What to do → Using the listing below, count the lines in which "blast" appears; give the count alone.

Information provided →

locale idempotent_pointed_endofunctor =
  fixes C :: "('o, 'm) cat" and R :: "('o, 'm, 'o, 'm) ftor" and \<alpha> :: "'o \<Rightarrow> 'm"
  assumes point: "is_nat_trans C C id_ftor R \<alpha>"
    and well_pointed: "c \<in> Obj C \<Longrightarrow> FA R (\<alpha> c) = \<alpha> (FO R c)"
    and idempotent: "c \<in> Obj C \<Longrightarrow> is_iso C (\<alpha> (FO R c))"
begin

sublocale cat_functor C C R
  using point unfolding is_nat_trans_def cat_functor_def by blast

lemma point_in_Arr [simp]: "c \<in> Obj C \<Longrightarrow> \<alpha> c \<in> Arr C"
  and Dom_point [simp]: "c \<in> Obj C \<Longrightarrow> Dom C (\<alpha> c) = c"
  and Cod_point [simp]: "c \<in> Obj C \<Longrightarrow> Cod C (\<alpha> c) = FO R c"
  using point unfolding is_nat_trans_def hom_def by auto

lemma point_natural: "f \<in> Arr C \<Longrightarrow> Cmp C (\<alpha> (Cod C f)) f = Cmp C (FA R f) (\<alpha> (Dom C f))"
  using point unfolding is_nat_trans_def by simp

end

locale idempotent_copointed_endofunctor =
  fixes C :: "('o, 'm) cat" and L :: "('o, 'm, 'o, 'm) ftor" and \<epsilon> :: "'o \<Rightarrow> 'm"
  assumes copoint: "is_nat_trans C C L id_ftor \<epsilon>"
    and well_copointed: "c \<in> Obj C \<Longrightarrow> FA L (\<epsilon> c) = \<epsilon> (FO L c)"
    and idempotent: "c \<in> Obj C \<Longrightarrow> is_iso C (\<epsilon> (FO L c))"
begin

sublocale cat_functor C C L
  using copoint unfolding is_nat_trans_def cat_functor_def by blast

lemma copoint_in_Arr [simp]: "c \<in> Obj C \<Longrightarrow> \<epsilon> c \<in> Arr C"
  and Dom_copoint [simp]: "c \<in> Obj C \<Longrightarrow> Dom C (\<epsilon> c) = FO L c"
  and Cod_copoint [simp]: "c \<in> Obj C \<Longrightarrow> Cod C (\<epsilon> c) = c"
  using copoint unfolding is_nat_trans_def hom_def by auto

lemma copoint_natural: "f \<in> Arr C \<Longrightarrow> Cmp C (\<epsilon> (Cod C f)) (FA L f) = Cmp C f (\<epsilon> (Dom C f))"
  using copoint unfolding is_nat_trans_def by simp

end

lemma reflection_idempotent_pointed:
  assumes B: "B \<subseteq> Obj C"
    and adj: "is_adjunction C (full_subcat C B) S incl \<alpha> \<beta>"
  shows "idempotent_pointed_endofunctor C (incl \<circ>\<^sub>F S) \<alpha>"
proof -
  interpret S: cat_functor C "full_subcat C B" S
    using adj unfolding is_adjunction_def cat_functor_def by blast
  have \<alpha>: "is_nat_trans C C id_ftor (incl \<circ>\<^sub>F S) \<alpha>"
    using adj unfolding is_adjunction_def by blast
  have [simp]: "b \<in> B \<Longrightarrow> b \<in> Obj C" for b
    using B by blast
  note functor_into_full_subcat[OF S.is_functor, simp]
  have [simp]: "c \<in> Obj C \<Longrightarrow> \<alpha> c \<in> Arr C" "c \<in> Obj C \<Longrightarrow> Dom C (\<alpha> c) = c"
    "c \<in> Obj C \<Longrightarrow> Cod C (\<alpha> c) = FO S c" for c
    using \<alpha> unfolding is_nat_trans_def hom_def by auto
  have [simp]: "b \<in> B \<Longrightarrow> \<beta> b \<in> Arr C" "b \<in> B \<Longrightarrow> Dom C (\<beta> b) = FO S b"
    "b \<in> B \<Longrightarrow> Cod C (\<beta> b) = b" for b
    using adj unfolding is_adjunction_def is_nat_trans_def hom_def by auto
  have \<beta>_natural: "f \<in> Arr C \<Longrightarrow> Dom C f \<in> B \<Longrightarrow> Cod C f \<in> B \<Longrightarrow>
      Cmp C (\<beta> (Cod C f)) (FA S f) = Cmp C f (\<beta> (Dom C f))" for f
    using adj unfolding is_adjunction_def is_nat_trans_def by auto
  have triangle: "c \<in> Obj C \<Longrightarrow> Cmp C (\<beta> (FO S c)) (FA S (\<alpha> c)) = Ide C (FO S c)"
    and \<beta>\<alpha>: "b \<in> B \<Longrightarrow> Cmp C (\<beta> b) (\<alpha> b) = Ide C b" for b c
    using adj unfolding is_adjunction_def by auto
  have \<alpha>\<beta>: "Cmp C (\<alpha> b) (\<beta> b) = Ide C (FO S b)" if b: "b \<in> B" for b
  proof -
    have "Cmp C (\<beta> (FO S b)) (FA S (\<alpha> b)) = Cmp C (\<alpha> b) (\<beta> b)"
      using \<beta>_natural[of "\<alpha> b"] b by simp
    then show ?thesis using triangle b by simp
  qed
  show ?thesis
  proof
    show "is_nat_trans C C id_ftor (incl \<circ>\<^sub>F S) \<alpha>" by (fact \<alpha>)
  next
    fix c assume c: "c \<in> Obj C"
    show "is_iso C (\<alpha> (FO (incl \<circ>\<^sub>F S) c))"
      unfolding is_iso_def hom_def using c \<alpha>\<beta> \<beta>\<alpha> by (intro conjI bexI[of _ "\<beta> (FO S c)"]) auto
    have "FA S (\<alpha> c) = Cmp C (Cmp C (\<alpha> (FO S c)) (\<beta> (FO S c))) (FA S (\<alpha> c))"
      using c by (simp add: \<alpha>\<beta>)
    also have "\<dots> = \<alpha> (FO S c)"
      using c by (simp add: triangle)
    finally show "FA (incl \<circ>\<^sub>F S) (\<alpha> c) = \<alpha> (FO (incl \<circ>\<^sub>F S) c)" by simp
  qed
qed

Exercise result → 5